● **What is expected**:
What you return should be the lines of the data containing "linarith", each in full.

Saved entries

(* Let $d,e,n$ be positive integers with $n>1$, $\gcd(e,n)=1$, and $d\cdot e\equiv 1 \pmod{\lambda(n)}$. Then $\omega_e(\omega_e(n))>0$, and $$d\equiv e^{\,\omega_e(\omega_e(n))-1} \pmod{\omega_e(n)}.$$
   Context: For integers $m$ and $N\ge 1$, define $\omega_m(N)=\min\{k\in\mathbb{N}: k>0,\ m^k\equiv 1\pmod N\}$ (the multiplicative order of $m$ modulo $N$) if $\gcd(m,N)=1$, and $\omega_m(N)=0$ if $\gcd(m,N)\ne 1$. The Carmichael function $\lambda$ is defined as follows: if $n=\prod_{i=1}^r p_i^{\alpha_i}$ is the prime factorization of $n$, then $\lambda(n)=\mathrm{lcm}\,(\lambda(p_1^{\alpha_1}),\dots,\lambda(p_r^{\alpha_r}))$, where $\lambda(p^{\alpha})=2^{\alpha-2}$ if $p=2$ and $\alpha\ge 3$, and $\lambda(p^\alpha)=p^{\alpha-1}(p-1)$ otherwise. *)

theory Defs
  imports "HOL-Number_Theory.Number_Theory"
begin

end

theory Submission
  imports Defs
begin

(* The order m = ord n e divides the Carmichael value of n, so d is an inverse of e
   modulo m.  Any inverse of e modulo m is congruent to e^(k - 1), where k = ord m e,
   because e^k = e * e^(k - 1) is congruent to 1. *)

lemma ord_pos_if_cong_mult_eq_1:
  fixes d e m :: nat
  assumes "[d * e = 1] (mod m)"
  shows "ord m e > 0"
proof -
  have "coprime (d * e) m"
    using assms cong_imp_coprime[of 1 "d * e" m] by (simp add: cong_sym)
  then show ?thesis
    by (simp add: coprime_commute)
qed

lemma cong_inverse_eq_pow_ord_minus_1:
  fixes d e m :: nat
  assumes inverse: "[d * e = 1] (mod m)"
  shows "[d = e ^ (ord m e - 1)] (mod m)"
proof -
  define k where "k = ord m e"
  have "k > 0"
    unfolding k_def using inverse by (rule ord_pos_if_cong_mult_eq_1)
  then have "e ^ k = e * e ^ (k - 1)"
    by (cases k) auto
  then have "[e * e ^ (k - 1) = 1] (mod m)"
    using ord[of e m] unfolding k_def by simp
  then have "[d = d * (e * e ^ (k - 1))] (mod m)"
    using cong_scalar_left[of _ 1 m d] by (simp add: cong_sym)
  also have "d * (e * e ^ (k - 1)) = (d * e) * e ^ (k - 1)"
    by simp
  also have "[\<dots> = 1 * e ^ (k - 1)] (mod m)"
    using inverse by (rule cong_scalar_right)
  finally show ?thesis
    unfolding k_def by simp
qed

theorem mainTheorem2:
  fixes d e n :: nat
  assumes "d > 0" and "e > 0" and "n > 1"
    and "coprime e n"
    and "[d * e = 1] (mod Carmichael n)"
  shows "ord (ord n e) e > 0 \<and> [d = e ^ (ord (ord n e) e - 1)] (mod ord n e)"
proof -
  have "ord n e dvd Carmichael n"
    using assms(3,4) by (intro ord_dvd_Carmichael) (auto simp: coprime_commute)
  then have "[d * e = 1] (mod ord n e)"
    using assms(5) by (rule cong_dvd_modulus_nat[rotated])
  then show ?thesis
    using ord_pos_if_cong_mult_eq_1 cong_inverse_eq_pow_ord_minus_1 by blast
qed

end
* * *
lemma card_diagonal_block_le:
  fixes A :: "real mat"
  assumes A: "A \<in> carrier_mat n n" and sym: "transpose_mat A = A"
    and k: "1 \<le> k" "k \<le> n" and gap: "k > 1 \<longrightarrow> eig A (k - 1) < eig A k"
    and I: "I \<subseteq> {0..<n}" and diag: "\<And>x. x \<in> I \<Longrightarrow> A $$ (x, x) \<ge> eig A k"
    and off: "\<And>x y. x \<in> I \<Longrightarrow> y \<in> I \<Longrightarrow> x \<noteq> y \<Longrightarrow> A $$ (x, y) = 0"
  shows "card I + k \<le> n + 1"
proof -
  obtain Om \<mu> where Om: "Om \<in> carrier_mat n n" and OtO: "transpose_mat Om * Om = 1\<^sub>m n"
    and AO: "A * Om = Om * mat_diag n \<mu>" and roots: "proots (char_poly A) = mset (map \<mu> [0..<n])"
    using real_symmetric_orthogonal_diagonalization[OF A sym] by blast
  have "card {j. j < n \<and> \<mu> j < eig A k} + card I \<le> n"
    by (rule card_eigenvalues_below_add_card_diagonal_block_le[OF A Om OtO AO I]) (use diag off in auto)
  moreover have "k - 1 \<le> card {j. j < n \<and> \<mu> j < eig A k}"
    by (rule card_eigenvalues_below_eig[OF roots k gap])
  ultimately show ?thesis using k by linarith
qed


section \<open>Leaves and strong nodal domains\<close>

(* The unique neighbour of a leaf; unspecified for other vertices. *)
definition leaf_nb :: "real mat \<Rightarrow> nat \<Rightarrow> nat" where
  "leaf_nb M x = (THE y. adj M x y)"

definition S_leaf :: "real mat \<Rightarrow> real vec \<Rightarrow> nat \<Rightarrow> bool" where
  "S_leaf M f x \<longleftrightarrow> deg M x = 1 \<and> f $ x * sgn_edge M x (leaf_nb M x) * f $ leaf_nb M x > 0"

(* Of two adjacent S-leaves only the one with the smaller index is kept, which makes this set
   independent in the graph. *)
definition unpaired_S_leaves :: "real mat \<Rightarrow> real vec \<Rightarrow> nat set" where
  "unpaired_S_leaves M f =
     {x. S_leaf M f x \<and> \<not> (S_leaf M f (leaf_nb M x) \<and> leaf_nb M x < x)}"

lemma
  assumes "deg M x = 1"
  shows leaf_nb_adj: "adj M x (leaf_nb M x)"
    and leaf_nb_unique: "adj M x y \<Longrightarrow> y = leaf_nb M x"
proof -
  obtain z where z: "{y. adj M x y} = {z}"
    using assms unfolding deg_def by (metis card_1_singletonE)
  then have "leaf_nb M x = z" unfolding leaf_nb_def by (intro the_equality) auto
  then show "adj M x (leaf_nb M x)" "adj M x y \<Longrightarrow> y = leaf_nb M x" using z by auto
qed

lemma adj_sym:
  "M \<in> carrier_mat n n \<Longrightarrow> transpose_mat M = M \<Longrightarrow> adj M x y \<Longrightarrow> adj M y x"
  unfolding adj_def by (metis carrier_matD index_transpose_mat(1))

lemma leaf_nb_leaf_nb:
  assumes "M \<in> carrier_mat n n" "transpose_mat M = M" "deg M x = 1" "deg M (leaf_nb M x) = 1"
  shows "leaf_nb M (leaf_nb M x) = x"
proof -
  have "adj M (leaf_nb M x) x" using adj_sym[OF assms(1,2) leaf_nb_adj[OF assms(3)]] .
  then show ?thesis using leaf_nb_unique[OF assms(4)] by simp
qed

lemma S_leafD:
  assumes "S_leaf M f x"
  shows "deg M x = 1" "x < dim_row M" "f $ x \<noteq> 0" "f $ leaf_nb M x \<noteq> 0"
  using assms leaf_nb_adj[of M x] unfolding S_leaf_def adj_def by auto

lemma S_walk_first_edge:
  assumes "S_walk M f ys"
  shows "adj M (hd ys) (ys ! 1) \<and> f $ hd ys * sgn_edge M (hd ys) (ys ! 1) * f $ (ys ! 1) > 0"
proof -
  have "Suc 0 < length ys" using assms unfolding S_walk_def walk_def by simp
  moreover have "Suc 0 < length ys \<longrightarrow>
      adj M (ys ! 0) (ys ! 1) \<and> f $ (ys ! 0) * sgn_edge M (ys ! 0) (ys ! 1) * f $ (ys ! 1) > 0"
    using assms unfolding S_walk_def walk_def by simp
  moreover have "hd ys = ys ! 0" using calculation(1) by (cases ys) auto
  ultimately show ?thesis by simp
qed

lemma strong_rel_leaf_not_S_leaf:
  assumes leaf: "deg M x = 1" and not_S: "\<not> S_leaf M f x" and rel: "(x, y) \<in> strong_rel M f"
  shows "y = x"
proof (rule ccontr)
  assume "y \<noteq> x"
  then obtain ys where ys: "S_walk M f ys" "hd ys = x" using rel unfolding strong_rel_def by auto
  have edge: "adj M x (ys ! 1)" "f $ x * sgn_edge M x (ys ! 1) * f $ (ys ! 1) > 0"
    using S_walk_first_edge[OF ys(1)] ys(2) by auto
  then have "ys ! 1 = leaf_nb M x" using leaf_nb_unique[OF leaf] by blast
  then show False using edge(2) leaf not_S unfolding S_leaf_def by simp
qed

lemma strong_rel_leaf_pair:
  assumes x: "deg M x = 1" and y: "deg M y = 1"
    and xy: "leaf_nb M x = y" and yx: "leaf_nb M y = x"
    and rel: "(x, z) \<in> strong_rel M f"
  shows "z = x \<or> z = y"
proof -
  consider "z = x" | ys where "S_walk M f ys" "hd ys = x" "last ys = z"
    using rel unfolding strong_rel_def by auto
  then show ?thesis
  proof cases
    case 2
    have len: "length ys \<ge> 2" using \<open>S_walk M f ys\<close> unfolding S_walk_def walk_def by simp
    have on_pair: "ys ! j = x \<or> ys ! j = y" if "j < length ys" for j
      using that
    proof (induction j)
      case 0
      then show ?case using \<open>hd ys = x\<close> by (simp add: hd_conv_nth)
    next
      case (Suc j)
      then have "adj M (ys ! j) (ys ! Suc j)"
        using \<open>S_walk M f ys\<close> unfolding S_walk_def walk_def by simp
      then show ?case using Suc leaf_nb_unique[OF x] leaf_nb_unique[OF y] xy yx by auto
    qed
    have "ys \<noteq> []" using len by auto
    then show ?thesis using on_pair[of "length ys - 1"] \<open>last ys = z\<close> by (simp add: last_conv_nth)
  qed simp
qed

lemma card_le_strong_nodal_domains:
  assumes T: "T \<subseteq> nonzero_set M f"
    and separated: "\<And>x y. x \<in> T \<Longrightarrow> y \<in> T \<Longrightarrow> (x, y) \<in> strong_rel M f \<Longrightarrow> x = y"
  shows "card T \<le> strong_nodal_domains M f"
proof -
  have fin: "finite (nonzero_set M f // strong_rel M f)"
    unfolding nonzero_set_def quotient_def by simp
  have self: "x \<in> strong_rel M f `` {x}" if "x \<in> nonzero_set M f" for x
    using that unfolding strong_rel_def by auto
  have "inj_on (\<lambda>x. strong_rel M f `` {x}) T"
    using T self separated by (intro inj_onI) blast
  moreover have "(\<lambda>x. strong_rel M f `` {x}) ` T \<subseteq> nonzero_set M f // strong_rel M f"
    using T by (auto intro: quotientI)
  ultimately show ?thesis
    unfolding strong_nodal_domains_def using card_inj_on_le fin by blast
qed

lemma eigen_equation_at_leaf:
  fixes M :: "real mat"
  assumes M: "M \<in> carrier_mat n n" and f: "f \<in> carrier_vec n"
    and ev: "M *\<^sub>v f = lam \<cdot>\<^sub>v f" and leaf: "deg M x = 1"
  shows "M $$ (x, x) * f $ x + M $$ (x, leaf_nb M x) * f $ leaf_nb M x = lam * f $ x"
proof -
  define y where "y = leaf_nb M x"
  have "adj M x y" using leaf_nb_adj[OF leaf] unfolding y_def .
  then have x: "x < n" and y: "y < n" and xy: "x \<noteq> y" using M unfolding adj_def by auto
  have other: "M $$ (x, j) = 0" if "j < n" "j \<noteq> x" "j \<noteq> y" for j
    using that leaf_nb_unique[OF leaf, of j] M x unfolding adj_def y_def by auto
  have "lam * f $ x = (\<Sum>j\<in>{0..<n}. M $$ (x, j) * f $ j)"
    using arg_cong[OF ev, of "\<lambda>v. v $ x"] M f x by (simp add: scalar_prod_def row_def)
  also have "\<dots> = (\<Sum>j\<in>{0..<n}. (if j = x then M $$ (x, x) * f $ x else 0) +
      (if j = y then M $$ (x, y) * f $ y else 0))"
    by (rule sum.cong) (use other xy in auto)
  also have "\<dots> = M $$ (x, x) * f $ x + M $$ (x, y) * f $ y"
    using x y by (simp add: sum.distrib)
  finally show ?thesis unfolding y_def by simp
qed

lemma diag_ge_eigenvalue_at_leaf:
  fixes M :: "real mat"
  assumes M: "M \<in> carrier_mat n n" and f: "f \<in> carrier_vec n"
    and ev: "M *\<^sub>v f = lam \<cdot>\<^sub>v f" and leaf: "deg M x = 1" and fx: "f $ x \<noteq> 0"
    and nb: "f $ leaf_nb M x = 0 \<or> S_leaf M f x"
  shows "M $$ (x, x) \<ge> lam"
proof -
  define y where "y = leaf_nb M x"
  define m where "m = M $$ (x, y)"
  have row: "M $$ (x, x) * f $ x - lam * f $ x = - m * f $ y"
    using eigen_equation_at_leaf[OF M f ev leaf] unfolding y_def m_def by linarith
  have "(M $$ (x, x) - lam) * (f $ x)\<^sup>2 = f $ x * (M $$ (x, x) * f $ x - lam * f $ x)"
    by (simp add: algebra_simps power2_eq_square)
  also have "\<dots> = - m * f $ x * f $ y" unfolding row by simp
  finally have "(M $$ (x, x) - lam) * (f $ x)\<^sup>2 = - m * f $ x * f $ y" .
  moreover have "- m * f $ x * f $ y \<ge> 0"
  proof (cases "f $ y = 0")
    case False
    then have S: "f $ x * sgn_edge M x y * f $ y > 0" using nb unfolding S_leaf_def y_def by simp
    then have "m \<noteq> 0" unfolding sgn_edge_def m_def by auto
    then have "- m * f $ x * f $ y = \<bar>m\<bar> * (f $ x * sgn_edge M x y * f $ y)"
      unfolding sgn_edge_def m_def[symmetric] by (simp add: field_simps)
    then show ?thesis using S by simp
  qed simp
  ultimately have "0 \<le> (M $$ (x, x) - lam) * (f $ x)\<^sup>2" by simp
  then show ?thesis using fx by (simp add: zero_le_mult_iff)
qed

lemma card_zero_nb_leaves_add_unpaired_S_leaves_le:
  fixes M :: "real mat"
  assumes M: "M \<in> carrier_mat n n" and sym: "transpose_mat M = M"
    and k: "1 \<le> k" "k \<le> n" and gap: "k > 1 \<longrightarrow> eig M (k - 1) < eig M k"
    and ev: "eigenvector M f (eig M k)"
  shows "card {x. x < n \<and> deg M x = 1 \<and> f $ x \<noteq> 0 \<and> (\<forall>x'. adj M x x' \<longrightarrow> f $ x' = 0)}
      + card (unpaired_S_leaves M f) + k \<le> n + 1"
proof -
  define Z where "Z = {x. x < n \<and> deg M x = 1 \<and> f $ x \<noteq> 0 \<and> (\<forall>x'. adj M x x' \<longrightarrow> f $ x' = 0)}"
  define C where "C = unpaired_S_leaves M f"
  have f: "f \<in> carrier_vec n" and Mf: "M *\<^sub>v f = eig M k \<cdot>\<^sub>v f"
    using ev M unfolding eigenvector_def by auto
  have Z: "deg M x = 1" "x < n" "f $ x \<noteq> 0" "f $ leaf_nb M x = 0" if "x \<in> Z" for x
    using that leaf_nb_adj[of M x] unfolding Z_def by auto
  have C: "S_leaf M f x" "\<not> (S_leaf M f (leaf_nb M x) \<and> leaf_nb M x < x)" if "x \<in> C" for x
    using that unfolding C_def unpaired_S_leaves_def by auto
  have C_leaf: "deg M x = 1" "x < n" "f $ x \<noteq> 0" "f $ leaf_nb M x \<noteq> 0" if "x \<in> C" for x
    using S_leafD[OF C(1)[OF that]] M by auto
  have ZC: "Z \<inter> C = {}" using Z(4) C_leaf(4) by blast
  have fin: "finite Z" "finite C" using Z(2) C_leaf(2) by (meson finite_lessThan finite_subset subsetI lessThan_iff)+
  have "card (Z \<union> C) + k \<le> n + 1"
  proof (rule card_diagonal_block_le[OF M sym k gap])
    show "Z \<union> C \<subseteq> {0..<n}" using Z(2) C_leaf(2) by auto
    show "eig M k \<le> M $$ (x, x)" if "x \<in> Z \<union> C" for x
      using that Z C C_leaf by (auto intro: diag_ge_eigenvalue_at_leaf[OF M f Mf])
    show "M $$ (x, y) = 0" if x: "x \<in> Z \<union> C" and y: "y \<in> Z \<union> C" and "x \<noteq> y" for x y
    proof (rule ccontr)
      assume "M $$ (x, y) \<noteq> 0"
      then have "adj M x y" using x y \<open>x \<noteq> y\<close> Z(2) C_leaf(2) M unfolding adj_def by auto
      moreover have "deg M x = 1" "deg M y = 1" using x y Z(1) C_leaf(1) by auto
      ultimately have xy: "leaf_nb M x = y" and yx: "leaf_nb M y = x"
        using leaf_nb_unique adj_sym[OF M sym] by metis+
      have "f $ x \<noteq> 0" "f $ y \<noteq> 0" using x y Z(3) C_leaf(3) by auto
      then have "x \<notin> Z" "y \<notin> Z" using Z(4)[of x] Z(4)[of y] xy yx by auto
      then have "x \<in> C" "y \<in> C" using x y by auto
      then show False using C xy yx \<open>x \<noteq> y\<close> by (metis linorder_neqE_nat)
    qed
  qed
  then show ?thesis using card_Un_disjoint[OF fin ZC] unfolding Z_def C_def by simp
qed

● **Task output**:
  ultimately show ?thesis using k by linarith
    using eigen_equation_at_leaf[OF M f ev leaf] unfolding y_def m_def by linarith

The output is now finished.